Symplocos Jacq. comprising about 350 species is the sole isolated genus of the family Symplocaceae (Fritsch et al., 2008). The species are mostly evergreen or sometimes deciduous, shrubs or trees with widespread distribution in moist tropical to the subtropical region of India through Southeast Asia and Malesia to northeastern Australia, and America (Cronquist, 1981). Although the family is well recognized, its systematic position within the order Ericales is still ambiguous (Caris et al., 2002). In the recent molecular analyses, the family has been positioned as sister to a clade comprising Diapensiaceae and Styraceae (Schönenberger et al., 2005). The distinguishing features of the family include the combination of leaves without stipules, sympetalous actinomorphic flowers; epipetalous, united, and usually numerous stamens with spheroid thecae; an inferior, incompletely locular ovary, a simple style; unitegmic ovule; and a drupaceous fruit (Nooteboom, 2003).
In the comprehensive taxonomic revision of Symplocos, Brand (1901) divided the genus into four subgenera: Eusymplocos Brand, Epigenia (Vell.) Brand, Hopea (L. f.) C. B. Clarke, and Microsymplocos Brand. Later, Nooteboom (1975) treated Epigenia and Microsymplocos within Hopea, recognizing only two subgenera, but Nagamasu (1993) again treated Microsymplocos as an independent subgenus endemic to South America. Only two subgenera Symplocos (with Monadelphous stamens) and Hopea (with pentadelphous or free stamens) have been reported in Asia (Nooteboom, 1975; Nagamasu, 1993). Despite poorly documented species delimitation and unresolved taxonomic nomenclature four species of Symplocos (S. coreana (H. Lev.) Ohwi, S sawafutagi Nagam., S. tanakana Nakai, and S purnifolia Siebold & Zucc.) have been described in Korea (Chang et al., 2011; Korea National Arboretum, 2017; Kim and Kim, 2018). These four species belong to two sections, Palura G. Don (S. coreana, S. sawafutagi, and S. tanakana) and Lodhra G Don. (S. purnifolia), of subgenus Hopea (Nagamasu, 1993; Soejima and Nagamasu 2004).
Wood anatomical features can provide useful information to resolve the phylogenetic relationships among and within the genera of angiosperms and gymnosperm (Oskolski, 1994, 1995; Baas et al., 2000; Oskolski and Lowry, 2000; Visscher and Jagels, 2003; Lens et al., 2007; Esteban and de Palacios, 2009). However, due to the insufficient knowledge of the microscopic structure of wood among the plant taxonomists, the studies incorporating wood features in phylogenetic analysis are very limited (e.g., Baas et al., 1988; Zhang, 1992; Gasson, 1994, 1996; Noshiro and Baas, 1998; Klaassen, 1999; Olson, 2002; Malécot et al., 2004; Lens et al., 2007). In addition, the wood anatomy of Symplocos is scarce in the modern literatures. Yamauchi (1979) reported the wood anatomy of nine species of Japanese Symplocos while van den Oever et al. (1981) carried the comparative wood anatomy of 31 Symplocos species in relation to latitude and altitudinal variations. More recently, Wang and Ou (2003) described the wood anatomy of 27 Symplocos taxa from Taiwan and Lens et al. (2007) included only two species of Symplocos in the role of wood anatomy in phylogeny reconstruction of Ericales. In this study, we carried the comparative wood anatomy of all the four species of Korean Symplocos. The primary objectives of the study are as follows: (1) to provide an overview of wood anatomical variation within Korean Symplocos species, and (2) to identify the systematic significance of wood features in the Symplocos.

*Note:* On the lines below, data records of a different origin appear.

(* Fix $\beta>0$ and $a>0$, and set $a(t):=a+\beta t/4$. For any $0<t_0<t_1$, any $0<d<D<\sqrt{a(t_0)}$ and any $x\in[\sqrt{a(t_0)}-d,\sqrt{a(t_0)}+d]$, $$\mathbb{P}\Big(\exists t\in[t_0,t_1]: Z_a(t)\notin\big[\sqrt{a(t_0)}-D,\sqrt{a(t)}+D\big]\ \Big|\ Z_a(t_0)=x\Big)\le 4e^{-\frac{(D-d)^2}{2(t_1-t_0)}},$$ where $Z_a$ solves $dZ_a(t)=(a(t)-Z_a(t)^2)dt+dB(t)$ for $t\ge t_0$ with $B$ a standard Brownian motion. *)

theory Defs
  imports "HOL-Probability.Probability"
begin

definition brownian_motion :: "'w measure \<Rightarrow> (real \<Rightarrow> 'w \<Rightarrow> real) \<Rightarrow> bool" where
  "brownian_motion M B \<longleftrightarrow>
     prob_space M \<and>
     (\<forall>t\<ge>0. B t \<in> borel_measurable M) \<and>
     (\<forall>\<omega>\<in>space M. B 0 \<omega> = 0 \<and> continuous_on {0..} (\<lambda>t. B t \<omega>)) \<and>
     (\<forall>s t. 0 \<le> s \<longrightarrow> s < t \<longrightarrow>
        distributed M lborel (\<lambda>\<omega>. B t \<omega> - B s \<omega>) (\<lambda>y. ennreal (normal_density 0 (sqrt (t - s)) y))) \<and>
     (\<forall>(n::nat) (ts::nat \<Rightarrow> real). 0 \<le> ts 0 \<longrightarrow> (\<forall>i<n. ts i < ts (Suc i)) \<longrightarrow>
        prob_space.indep_vars M (\<lambda>_. borel) (\<lambda>i \<omega>. B (ts (Suc i)) \<omega> - B (ts i) \<omega>) {..<n})"
(* Let $n,k$ be positive integers with $\gcd(n,k)=1$. (a) Let $N=3n+k$ and suppose $n+k\neq N/2$. Then the geometric realization of $C(n,n,n+k)$ is homeomorphic to a cylinder if $N$ is even and to a Möbius band if $N$ is odd. (b) Let $N=3n+2k$. Then the geometric realization of $C(n,n+k,n+k)$ is homeomorphic to a cylinder if $N$ is even and to a Möbius band if $N$ is odd.
   Context: For positive integers $n_1\le n_2\le n_3$ with $N=n_1+n_2+n_3$, $C(n_1,n_2,n_3)$ denotes the abstract simplicial complex whose vertex set is $\mathbb{Z}/N$, whose 2-simplices are all sets of the form $\{k,k+n_1,k+n_1+n_2\}$ or $\{k,k-n_1,k-n_1-n_2\}$ for $k\in\mathbb{Z}/N$ (the orbit of $\{0,n_1,n_1+n_2\}$ under translations and inversions of $\mathbb{Z}/N$), and whose 1-simplices are all sets $\{k,k+n_i\}$ with $k\in\mathbb{Z}/N$, $i\in\{1,2,3\}$. Cylinder means $S^1\times[0,1]$. *)

theory Defs
  imports "HOL-Analysis.Analysis"
begin

text \<open>Vertices of Z/N are represented by the integers 0..N-1 (residues k mod N).\<close>

definition circ_complex :: "nat \<Rightarrow> nat \<Rightarrow> nat \<Rightarrow> int set set" where
  "circ_complex n1 n2 n3 =
    (let N = int (n1 + n2 + n3) in
      {{k mod N} | k. True}
    \<union> {{k mod N, (k + int ni) mod N} | k ni. ni \<in> {n1, n2, n3}}
    \<union> {{k mod N, (k + int n1) mod N, (k + int n1 + int n2) mod N} | k. True}
    \<union> {{k mod N, (k - int n1) mod N, (k - int n1 - int n2) mod N} | k. True})"

text \<open>Standard geometric realization of an abstract simplicial complex with (finite)
  simplices given as vertex sets: points are barycentric coordinate functions
  supported on some simplex, with the (product) topology of functions to the reals.\<close>

definition geom_real :: "'v set set \<Rightarrow> ('v \<Rightarrow> real) set" where
  "geom_real K = {f. \<exists>\<sigma>\<in>K. (\<forall>v. v \<notin> \<sigma> \<longrightarrow> f v = 0) \<and> (\<forall>v. 0 \<le> f v) \<and> sum f \<sigma> = 1}"

definition cylinder :: "(complex \<times> real) set" where
  "cylinder = sphere 0 1 \<times> {0..1}"

definition moebius_band :: "(real \<times> real \<times> real) set" where
  "moebius_band = (\<lambda>(s, t). ((2 + t * cos (s / 2)) * cos s,
                              (2 + t * cos (s / 2)) * sin s,
                              t * sin (s / 2))) ` ({0..2 * pi} \<times> {-1..1})"

end

theory Submission
  imports Defs
begin

text \<open>Multiplying the vertex labels by a unit \<open>c\<close> of \<open>\<int>/N\<close> maps \<open>C(n\<^sub>1,n\<^sub>2,n\<^sub>3)\<close> onto
  \<open>C(m\<^sub>1,m\<^sub>2,m\<^sub>3)\<close> whenever \<open>c n\<^sub>i \<equiv> m\<^sub>i\<close>. After a cyclic rotation of the steps in (b), both
  complexes are of the form \<open>C(a, a, N - 2a)\<close> with \<open>a\<close> coprime to \<open>N\<close>, and \<open>c = a\<^sup>-\<^sup>1\<close> turns them
  into \<open>C(1, 1, N - 2)\<close>, whose triangles are \<open>{v, v+1, v+2}\<close>. Placing vertex \<open>v\<close> at
  \<open>(v, v mod 2)\<close> makes these triangles a zigzag triangulation of \<open>\<real> \<times> [0,1]\<close> folded onto
  \<open>\<int>/N\<close>, and the shift \<open>v \<mapsto> v + N\<close> acts on the strip as \<open>(x, y) \<mapsto> (x + N, y)\<close> for even \<open>N\<close>
  and as \<open>(x, y) \<mapsto> (x + N, 1 - y)\<close> for odd \<open>N\<close>. Hence the realization is \<open>[0,N] \<times> [0,1]\<close> with
  its two ends glued straight or with a twist. The folding identifies nothing else as soon as
  \<open>N \<ge> 5\<close>, which is where \<open>2(n + k) \<noteq> N\<close> is needed in (a).\<close>

lemma homeomorphic_images_same_fibres:
  fixes f :: "'a::t2_space \<Rightarrow> 'b::t2_space" and g :: "'a \<Rightarrow> 'c::t2_space"
  assumes D: "compact D" and cf: "continuous_on D f" and cg: "continuous_on D g"
    and fibres: "\<And>x y. x \<in> D \<Longrightarrow> y \<in> D \<Longrightarrow> f x = f y \<longleftrightarrow> g x = g y"
  shows "f ` D homeomorphic g ` D"
proof -
  define h where "h z = g (SOME x. x \<in> D \<and> f x = z)" for z
  have h_f: "h (f x) = g x" if "x \<in> D" for x
  proof -
    have "(SOME y. y \<in> D \<and> f y = f x) \<in> D \<and> f (SOME y. y \<in> D \<and> f y = f x) = f x"
      by (rule someI[of _ x]) (use that in auto)
    then show ?thesis unfolding h_def using fibres that by blast
  qed
  have image: "h ` f ` D = g ` D" using h_f by (force simp: image_iff)
  have inj: "inj_on h (f ` D)" using h_f fibres by (auto simp: inj_on_def)
  have "continuous_on (f ` D) h"
    unfolding continuous_on_closed
  proof (intro allI impI)
    fix T assume T: "closedin (top_of_set (h ` f ` D)) T"
    have preimage: "f ` D \<inter> h -` T = f ` (D \<inter> g -` T)" using h_f by auto
    have "closedin (top_of_set D) (D \<inter> g -` T)"
      using continuous_on_closed cg T image by metis
    then show "closedin (top_of_set (f ` D)) (f ` D \<inter> h -` T)"
      unfolding preimage using Abstract_Topology_2.continuous_imp_closed_map[OF _ cf refl D] by blast
  qed
  then show ?thesis
    using homeomorphic_compact[OF compact_continuous_image[OF cf D] _ image inj] by blast
qed

lemma continuous_on_fun_compose_right:
  "continuous_on S (\<lambda>f :: 'b \<Rightarrow> 'c::topological_space. f \<circ> r)"
proof (rule continuous_on_coordinatewise_then_product)
  fix i show "continuous_on S (\<lambda>f :: 'b \<Rightarrow> 'c. (f \<circ> r) i)"
    unfolding o_def by (rule continuous_on_subset[OF continuous_on_product_coordinates]) simp
qed

section \<open>Relabelling vertices\<close>

lemma geom_real_bij_image_iff:
  assumes "bij p"
  shows "g \<in> geom_real ((`) p ` K) \<longleftrightarrow> g \<circ> p \<in> geom_real K"
proof -
  have inj: "inj_on p A" for A using assms by (metis bij_is_inj inj_on_subset subset_UNIV)
  have surj: "range p = UNIV" using assms by (simp add: bij_is_surj)
  have "(\<forall>v. v \<notin> p ` \<sigma> \<longrightarrow> g v = 0) \<longleftrightarrow> (\<forall>w. w \<notin> \<sigma> \<longrightarrow> g (p w) = 0)" for \<sigma>
    using surj inj_image_mem_iff[OF bij_is_inj[OF assms]] by (metis rangeE UNIV_I)
  moreover have "(\<forall>v. 0 \<le> g v) \<longleftrightarrow> (\<forall>w. 0 \<le> g (p w))"
    using surj by (metis rangeE UNIV_I)
  moreover have "sum g (p ` \<sigma>) = sum (g \<circ> p) \<sigma>" for \<sigma>
    by (rule sum.reindex[OF inj])
  ultimately show ?thesis unfolding geom_real_def by (simp add: image_iff)
qed

lemma geom_real_bij_image_homeomorphic:
  fixes p :: "'a \<Rightarrow> 'b"
  assumes "bij p"
  shows "geom_real ((`) p ` K) homeomorphic geom_real K"
proof -
  have p_inv: "(f \<circ> inv p) \<circ> p = f" "(g \<circ> p) \<circ> inv p = g"
    for f :: "'a \<Rightarrow> real" and g :: "'b \<Rightarrow> real"
    using assms by (simp_all add: fun_eq_iff bij_is_inj bij_is_surj surj_f_inv_f)
  have "(\<lambda>g. g \<circ> p) ` geom_real ((`) p ` K) = geom_real K"
  proof (intro equalityI subsetI)
    fix f assume "f \<in> geom_real K"
    then show "f \<in> (\<lambda>g. g \<circ> p) ` geom_real ((`) p ` K)"
      by (intro image_eqI[where x = "f \<circ> inv p"]) (simp_all add: geom_real_bij_image_iff[OF assms] p_inv)
  qed (auto simp: geom_real_bij_image_iff[OF assms])
  moreover have "(\<lambda>f. f \<circ> inv p) ` geom_real K = geom_real ((`) p ` K)"
  proof (intro equalityI subsetI)
    fix g assume "g \<in> geom_real ((`) p ` K)"
    then show "g \<in> (\<lambda>f. f \<circ> inv p) ` geom_real K"
      by (intro image_eqI[where x = "g \<circ> p"]) (simp_all add: geom_real_bij_image_iff[OF assms] p_inv)
  qed (auto simp: geom_real_bij_image_iff[OF assms] p_inv)
  ultimately have "homeomorphism (geom_real ((`) p ` K)) (geom_real K) (\<lambda>g. g \<circ> p) (\<lambda>f. f \<circ> inv p)"
    unfolding homeomorphism_def by (simp add: continuous_on_fun_compose_right p_inv)
  then show ?thesis unfolding homeomorphic_def by blast
qed

section \<open>Symmetries of the complexes \<open>C(n\<^sub>1,n\<^sub>2,n\<^sub>3)\<close>\<close>

lemma mem_circ_complex_iff:
  assumes "N = int (n1 + n2 + n3)"
  shows "\<sigma> \<in> circ_complex n1 n2 n3 \<longleftrightarrow>
      (\<exists>k. \<sigma> = {k mod N})
    \<or> (\<exists>k ni. ni \<in> {n1, n2, n3} \<and> \<sigma> = {k mod N, (k + int ni) mod N})
    \<or> (\<exists>k. \<sigma> = {k mod N, (k + int n1) mod N, (k + int n1 + int n2) mod N})
    \<or> (\<exists>k. \<sigma> = {k mod N, (k - int n1) mod N, (k - int n1 - int n2) mod N})"
  unfolding circ_complex_def Let_def assms[symmetric] Un_iff mem_Collect_eq
  by (intro iffI; elim disjE exE conjE; blast)

lemma circ_complex_cases:
  assumes "\<sigma> \<in> circ_complex n1 n2 n3" and "N = int (n1 + n2 + n3)"
  obtains (vertex) k where "\<sigma> = {k mod N}"
    | (edge) k ni where "ni \<in> {n1, n2, n3}" "\<sigma> = {k mod N, (k + int ni) mod N}"
    | (up) k where "\<sigma> = {k mod N, (k + int n1) mod N, (k + int n1 + int n2) mod N}"
    | (down) k where "\<sigma> = {k mod N, (k - int n1) mod N, (k - int n1 - int n2) mod N}"
  using assms(1) unfolding mem_circ_complex_iff[OF assms(2)]
  by (elim disjE exE conjE) (metis that)+

lemma circ_complex_rotate_subset: "circ_complex n1 n2 n3 \<subseteq> circ_complex n2 n3 n1"
proof
  fix \<sigma> assume \<sigma>: "\<sigma> \<in> circ_complex n1 n2 n3"
  define N where "N = int (n1 + n2 + n3)"
  have N': "N = int (n2 + n3 + n1)" by (simp add: N_def)
  note target = mem_circ_complex_iff[OF N', of \<sigma>]
  from \<sigma> N_def show "\<sigma> \<in> circ_complex n2 n3 n1"
  proof (cases rule: circ_complex_cases)
    case vertex then show ?thesis using target by blast
  next
    case (edge k ni)
    then have "ni \<in> {n2, n3, n1}" by auto
    then show ?thesis using edge target by blast
  next
    case (up k)
    have "(k + int n1 + int n2 + int n3) mod N = k mod N" by (simp add: N_def add.assoc)
    then have "\<sigma> = {(k + int n1) mod N, (k + int n1 + int n2) mod N, (k + int n1 + int n2 + int n3) mod N}"
      using up by auto
    then show ?thesis using target by blast
  next
    case (down k)
    have "(k - int n1 - int n2 - int n3) mod N = k mod N" by (simp add: N_def diff_diff_eq)
    then have "\<sigma> = {(k - int n1) mod N, (k - int n1 - int n2) mod N, (k - int n1 - int n2 - int n3) mod N}"
      using down by auto
    then show ?thesis using target by blast
  qed
qed

lemma circ_complex_rotate: "circ_complex n1 n2 n3 = circ_complex n2 n3 n1"
  using circ_complex_rotate_subset[of n1 n2 n3] circ_complex_rotate_subset[of n2 n3 n1]
    circ_complex_rotate_subset[of n3 n1 n2] by blast

text \<open>The identity outside \<open>0, \<dots>, N - 1\<close> makes this a permutation of \<open>int\<close> when \<open>c\<close> is a unit.\<close>

definition mult_residues :: "int \<Rightarrow> int \<Rightarrow> int \<Rightarrow> int" where
  "mult_residues N c u = (if 0 \<le> u \<and> u < N then (c * u) mod N else u)"

lemma mult_residues_mod: "0 < N \<Longrightarrow> mult_residues N c (x mod N) = (c * x) mod N"
  unfolding mult_residues_def by (simp add: mod_mult_right_eq)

Materials and MethodsLight microscopyMature branches were collected from natural populations. Names of the studied taxa, voucher number, and collection sites are presented in Table 1. Collected wood materials were preserved in 50% ethyl alcohol before section. Preserved wood samples were cut into approximately 2 cm-long circular blocks. For microtome sectioning, the samples were prepared depending on the size of wood; cubic pieces were cut (transverse) or split (radial and tangential) from circular blocks. Three such pieces—representing three planes: transverse, radial, and tangential—of each sample were prepared. The blocks were preserved in softener solution (glycerin 10 parts/10% aerosol OT 3 parts/distilled water 87 parts) until sectioning and were sectioned according to the standard technique for light microscopy. At least five permanent slides of each species including all three planes of wood in a single slide were prepared for the observation.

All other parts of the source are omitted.